Required action: Every record, from first to last, should be retyped word for word.

[Records from a data collection]

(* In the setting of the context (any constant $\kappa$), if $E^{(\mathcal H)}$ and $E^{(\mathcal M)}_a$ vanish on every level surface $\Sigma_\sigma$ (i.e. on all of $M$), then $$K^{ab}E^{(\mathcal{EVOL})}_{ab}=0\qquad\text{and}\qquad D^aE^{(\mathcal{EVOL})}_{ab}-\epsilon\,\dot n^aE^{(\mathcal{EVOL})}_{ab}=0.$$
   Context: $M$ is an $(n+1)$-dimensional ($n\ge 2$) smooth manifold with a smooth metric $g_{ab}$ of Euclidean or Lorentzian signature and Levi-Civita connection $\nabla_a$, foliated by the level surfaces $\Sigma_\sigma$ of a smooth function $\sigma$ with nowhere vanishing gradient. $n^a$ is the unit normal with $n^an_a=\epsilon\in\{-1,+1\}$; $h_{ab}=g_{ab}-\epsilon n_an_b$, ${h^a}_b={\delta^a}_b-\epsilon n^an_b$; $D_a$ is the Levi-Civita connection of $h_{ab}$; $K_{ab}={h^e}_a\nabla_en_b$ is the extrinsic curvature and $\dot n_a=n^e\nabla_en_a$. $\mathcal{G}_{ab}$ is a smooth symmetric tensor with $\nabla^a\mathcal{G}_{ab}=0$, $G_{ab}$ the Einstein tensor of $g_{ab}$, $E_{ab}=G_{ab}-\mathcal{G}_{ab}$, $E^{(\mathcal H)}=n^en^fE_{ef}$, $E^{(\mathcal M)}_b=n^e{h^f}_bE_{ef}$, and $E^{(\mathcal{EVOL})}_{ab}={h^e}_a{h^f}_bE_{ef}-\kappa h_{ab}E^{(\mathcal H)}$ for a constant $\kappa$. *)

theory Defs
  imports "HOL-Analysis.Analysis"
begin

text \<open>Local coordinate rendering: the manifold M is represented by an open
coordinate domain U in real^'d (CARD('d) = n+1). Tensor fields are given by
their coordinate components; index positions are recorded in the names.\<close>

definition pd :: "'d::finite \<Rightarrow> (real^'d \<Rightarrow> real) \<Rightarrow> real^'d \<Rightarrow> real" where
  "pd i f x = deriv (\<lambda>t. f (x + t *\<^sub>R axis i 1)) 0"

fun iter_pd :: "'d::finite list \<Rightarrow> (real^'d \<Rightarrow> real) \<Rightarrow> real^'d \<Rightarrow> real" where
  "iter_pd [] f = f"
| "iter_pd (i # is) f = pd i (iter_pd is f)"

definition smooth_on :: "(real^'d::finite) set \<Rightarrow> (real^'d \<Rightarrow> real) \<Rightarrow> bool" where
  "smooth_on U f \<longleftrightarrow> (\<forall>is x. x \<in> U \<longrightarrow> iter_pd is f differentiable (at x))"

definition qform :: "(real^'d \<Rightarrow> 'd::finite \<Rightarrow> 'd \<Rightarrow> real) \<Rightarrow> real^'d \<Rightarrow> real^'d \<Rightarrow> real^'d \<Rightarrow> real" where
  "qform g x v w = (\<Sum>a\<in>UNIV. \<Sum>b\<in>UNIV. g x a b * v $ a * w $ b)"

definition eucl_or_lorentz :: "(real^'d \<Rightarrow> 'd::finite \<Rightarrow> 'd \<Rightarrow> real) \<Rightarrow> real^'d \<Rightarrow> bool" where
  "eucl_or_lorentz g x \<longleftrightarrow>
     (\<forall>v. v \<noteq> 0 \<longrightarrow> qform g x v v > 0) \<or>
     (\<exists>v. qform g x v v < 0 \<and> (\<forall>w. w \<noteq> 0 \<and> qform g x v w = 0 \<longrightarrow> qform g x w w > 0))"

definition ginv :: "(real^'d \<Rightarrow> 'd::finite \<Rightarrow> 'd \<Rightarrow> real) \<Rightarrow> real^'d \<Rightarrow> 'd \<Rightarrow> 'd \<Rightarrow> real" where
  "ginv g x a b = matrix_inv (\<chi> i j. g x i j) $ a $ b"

Answer section:
(* In the setting of the context (any constant $\kappa$), if $E^{(\mathcal H)}$ and $E^{(\mathcal M)}_a$ vanish on every level surface $\Sigma_\sigma$ (i.e. on all of $M$), then $$K^{ab}E^{(\mathcal{EVOL})}_{ab}=0\qquad\text{and}\qquad D^aE^{(\mathcal{EVOL})}_{ab}-\epsilon\,\dot n^aE^{(\mathcal{EVOL})}_{ab}=0.$$
   Context: $M$ is an $(n+1)$-dimensional ($n\ge 2$) smooth manifold with a smooth metric $g_{ab}$ of Euclidean or Lorentzian signature and Levi-Civita connection $\nabla_a$, foliated by the level surfaces $\Sigma_\sigma$ of a smooth function $\sigma$ with nowhere vanishing gradient. $n^a$ is the unit normal with $n^an_a=\epsilon\in\{-1,+1\}$; $h_{ab}=g_{ab}-\epsilon n_an_b$, ${h^a}_b={\delta^a}_b-\epsilon n^an_b$; $D_a$ is the Levi-Civita connection of $h_{ab}$; $K_{ab}={h^e}_a\nabla_en_b$ is the extrinsic curvature and $\dot n_a=n^e\nabla_en_a$. $\mathcal{G}_{ab}$ is a smooth symmetric tensor with $\nabla^a\mathcal{G}_{ab}=0$, $G_{ab}$ the Einstein tensor of $g_{ab}$, $E_{ab}=G_{ab}-\mathcal{G}_{ab}$, $E^{(\mathcal H)}=n^en^fE_{ef}$, $E^{(\mathcal M)}_b=n^e{h^f}_bE_{ef}$, and $E^{(\mathcal{EVOL})}_{ab}={h^e}_a{h^f}_bE_{ef}-\kappa h_{ab}E^{(\mathcal H)}$ for a constant $\kappa$. *)

theory Defs
  imports "HOL-Analysis.Analysis"
begin

text \<open>Local coordinate rendering: the manifold M is represented by an open
coordinate domain U in real^'d (CARD('d) = n+1). Tensor fields are given by
their coordinate components; index positions are recorded in the names.\<close>

definition pd :: "'d::finite \<Rightarrow> (real^'d \<Rightarrow> real) \<Rightarrow> real^'d \<Rightarrow> real" where
  "pd i f x = deriv (\<lambda>t. f (x + t *\<^sub>R axis i 1)) 0"

fun iter_pd :: "'d::finite list \<Rightarrow> (real^'d \<Rightarrow> real) \<Rightarrow> real^'d \<Rightarrow> real" where
  "iter_pd [] f = f"
| "iter_pd (i # is) f = pd i (iter_pd is f)"

definition smooth_on :: "(real^'d::finite) set \<Rightarrow> (real^'d \<Rightarrow> real) \<Rightarrow> bool" where
  "smooth_on U f \<longleftrightarrow> (\<forall>is x. x \<in> U \<longrightarrow> iter_pd is f differentiable (at x))"

definition qform :: "(real^'d \<Rightarrow> 'd::finite \<Rightarrow> 'd \<Rightarrow> real) \<Rightarrow> real^'d \<Rightarrow> real^'d \<Rightarrow> real^'d \<Rightarrow> real" where
  "qform g x v w = (\<Sum>a\<in>UNIV. \<Sum>b\<in>UNIV. g x a b * v $ a * w $ b)"

definition eucl_or_lorentz :: "(real^'d \<Rightarrow> 'd::finite \<Rightarrow> 'd \<Rightarrow> real) \<Rightarrow> real^'d \<Rightarrow> bool" where
  "eucl_or_lorentz g x \<longleftrightarrow>
     (\<forall>v. v \<noteq> 0 \<longrightarrow> qform g x v v > 0) \<or>
     (\<exists>v. qform g x v v < 0 \<and> (\<forall>w. w \<noteq> 0 \<and> qform g x v w = 0 \<longrightarrow> qform g x w w > 0))"

definition ginv :: "(real^'d \<Rightarrow> 'd::finite \<Rightarrow> 'd \<Rightarrow> real) \<Rightarrow> real^'d \<Rightarrow> 'd \<Rightarrow> 'd \<Rightarrow> real" where
  "ginv g x a b = matrix_inv (\<chi> i j. g x i j) $ a $ b"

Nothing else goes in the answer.